Koffer beschädigt – was tun bei Flugschäden

Koffer beschädigt – was tun bei Flugschäden?

Wenn man wie ich gerne und viel reist, passiert schon einmal das eine oder andere Unvorhergesehene. So erging es mir am Ende meines letzten Kurzurlaubs während der Semesterferien, als ich am Gepäckband des Flughafens einen Trolley entgegennahm, der nur noch drei anstatt vier Rollen hatte. Was sich für viele wie der Horror schlechthin anhört, ist halb so wild, wenn man weiß, was in so einer Situation zu tun ist.

 

Warum kommt mein Gepäckstück beschädigt zurück?
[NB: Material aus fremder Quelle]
lemma f2_hyperplane_Un_coset:
  assumes U: "f2_subspace I U" "finite I" "I \<noteq> {}" "f2_dim U = card I - 1"
    and v: "v \<in> vecs I" "v \<notin> U"
  shows "U \<union> coset U v = vecs I"
proof (rule card_subset_eq[OF finite_vecs[OF U(2)]])
  have fin: "finite U"
    using finite_f2_subspace U(1,2) .
  have "card (U \<union> coset U v) = 2 ^ (card I - 1) + 2 ^ (card I - 1)"
    using card_Un_disjoint[OF fin finite_coset[OF fin]] coset_disjoint_subspace[OF U(1) v(2)]
      card_f2_subspace[OF U(1) fin] U(4) card_coset[of U v] by (simp add: Int_commute)
  also have "\<dots> = card (vecs I)"
    using U(2,3) card_vecs[OF U(2)] by (cases "card I") auto
  finally show "card (U \<union> coset U v) = card (vecs I)" .
  show "U \<union> coset U v \<subseteq> vecs I"
    using f2_subspace_subset[OF U(1)] coset_subset_vecs v(1) by blast
qed

lemma f2_hyperplane_proper:
  assumes U: "f2_subspace I U" "finite I" "I \<noteq> {}" "f2_dim U = card I - 1"
  shows "\<exists>v\<in>vecs I. v \<notin> U"
proof -
  have "card U = 2 ^ (card I - 1)"
    using card_f2_subspace[OF U(1) finite_f2_subspace[OF U(1,2)]] U(4) by simp
  also have "\<dots> < card (vecs I)"
    using U(2,3) card_vecs[OF U(2)] by (simp add: card_gt_0_iff)
  finally show ?thesis
    using card_mono[OF finite_f2_subspace[OF U(1,2)]] by (meson not_le subsetI)
qed

lemma f2_hyperplane_vadd_outside:
  assumes U: "f2_subspace I U" "finite I" "I \<noteq> {}" "f2_dim U = card I - 1"
    and "x \<in> vecs I - U" "y \<in> vecs I - U"
  shows "vadd x y \<in> U"
  using f2_hyperplane_Un_coset[OF U, of x] assms(5,6) by (auto simp: mem_coset_iff vadd_commute)

lemma card_le_twice_Int_f2_hyperplane:
  assumes U: "f2_subspace I U" "finite I" "I \<noteq> {}" "f2_dim U = card I - 1"
    and S: "f2_subspace I S" "\<not> S \<subseteq> U"
  shows "card S \<le> 2 * card (S \<inter> U)"
proof -
  obtain e where e: "e \<in> S" "e \<notin> U"
    using S(2) by blast
  have "vadd y e \<in> S \<inter> U" if "y \<in> S - U" for y
    using that e f2_hyperplane_vadd_outside[OF U] f2_subspace_vadd[OF S(1)] f2_subspace_subset[OF S(1)]
    by blast
  then have "S \<subseteq> (S \<inter> U) \<union> coset (S \<inter> U) e"
    by (fastforce simp: mem_coset_iff)
  moreover have "finite S"
    using finite_f2_subspace[OF S(1) U(2)] .
  ultimately have "card S \<le> card (S \<inter> U) + card (coset (S \<inter> U) e)"
    by (meson card_Un_le card_mono finite_Int finite_UnI finite_coset order_trans)
  then show ?thesis
    by (simp add: card_coset)
qed

lemma card_le_mult_card_if_fibres_le:
  assumes "finite Y" "f ` X \<subseteq> Y" "\<And>c. c \<in> Y \<Longrightarrow> card {x\<in>X. f x = c} \<le> d"
  shows "card X \<le> d * card Y"
proof -
  have "X = (\<Union>c\<in>Y. {x\<in>X. f x = c})"
    using assms(2) by blast
  then have "card X \<le> (\<Sum>c\<in>Y. card {x\<in>X. f x = c})"
    using card_UN_le[OF assms(1)] by metis
  also have "\<dots> \<le> d * card Y"
    using sum_bounded_above[of Y "\<lambda>c. card {x\<in>X. f x = c}" d] assms(3) by (simp add: mult.commute)
  finally show ?thesis .
qed

definition f2_deriv :: "(('a \<Rightarrow> bool) \<Rightarrow> ('b \<Rightarrow> bool)) \<Rightarrow> ('a \<Rightarrow> bool) \<Rightarrow> ('a \<Rightarrow> bool) \<Rightarrow> ('b \<Rightarrow> bool)"
  where "f2_deriv f a x = vadd (f (vadd x a)) (f x)"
Zunächst einmal ist es vollkommen egal, ob man mit einer Billigfluggesellschaft oder einer Fünf-Sterne-Airline unterwegs ist, denn: Das Handling des Gepäcks übernehmen die Vorfeldmitarbeiter des Flughafens. Deren Arbeitsalltag besteht daraus, Koffer für Koffer und Reisetasche für Reisetasche zwischen Transportwägen, Förderbändern und Flugzeugen hin- und herzubewegen – von Hand. Bei der Menge an Reisegepäck, die tagtäglich ihren Weg über das Flughafengelände nimmt plus dem immer zunehmenden Zeitdruck, ist es geradezu offensichtlich, dass nicht jeder einzelne Koffer mit Samthandschuhen angefasst wird. Stattdessen fliegt das Gepäck bereits vor dem Abflug schon durch die Gegend, wird aufeinandergeworfen oder fällt sogar vom Transportwagen.  Was ich da schon alles vom Flugzeug aus beobachtet habe…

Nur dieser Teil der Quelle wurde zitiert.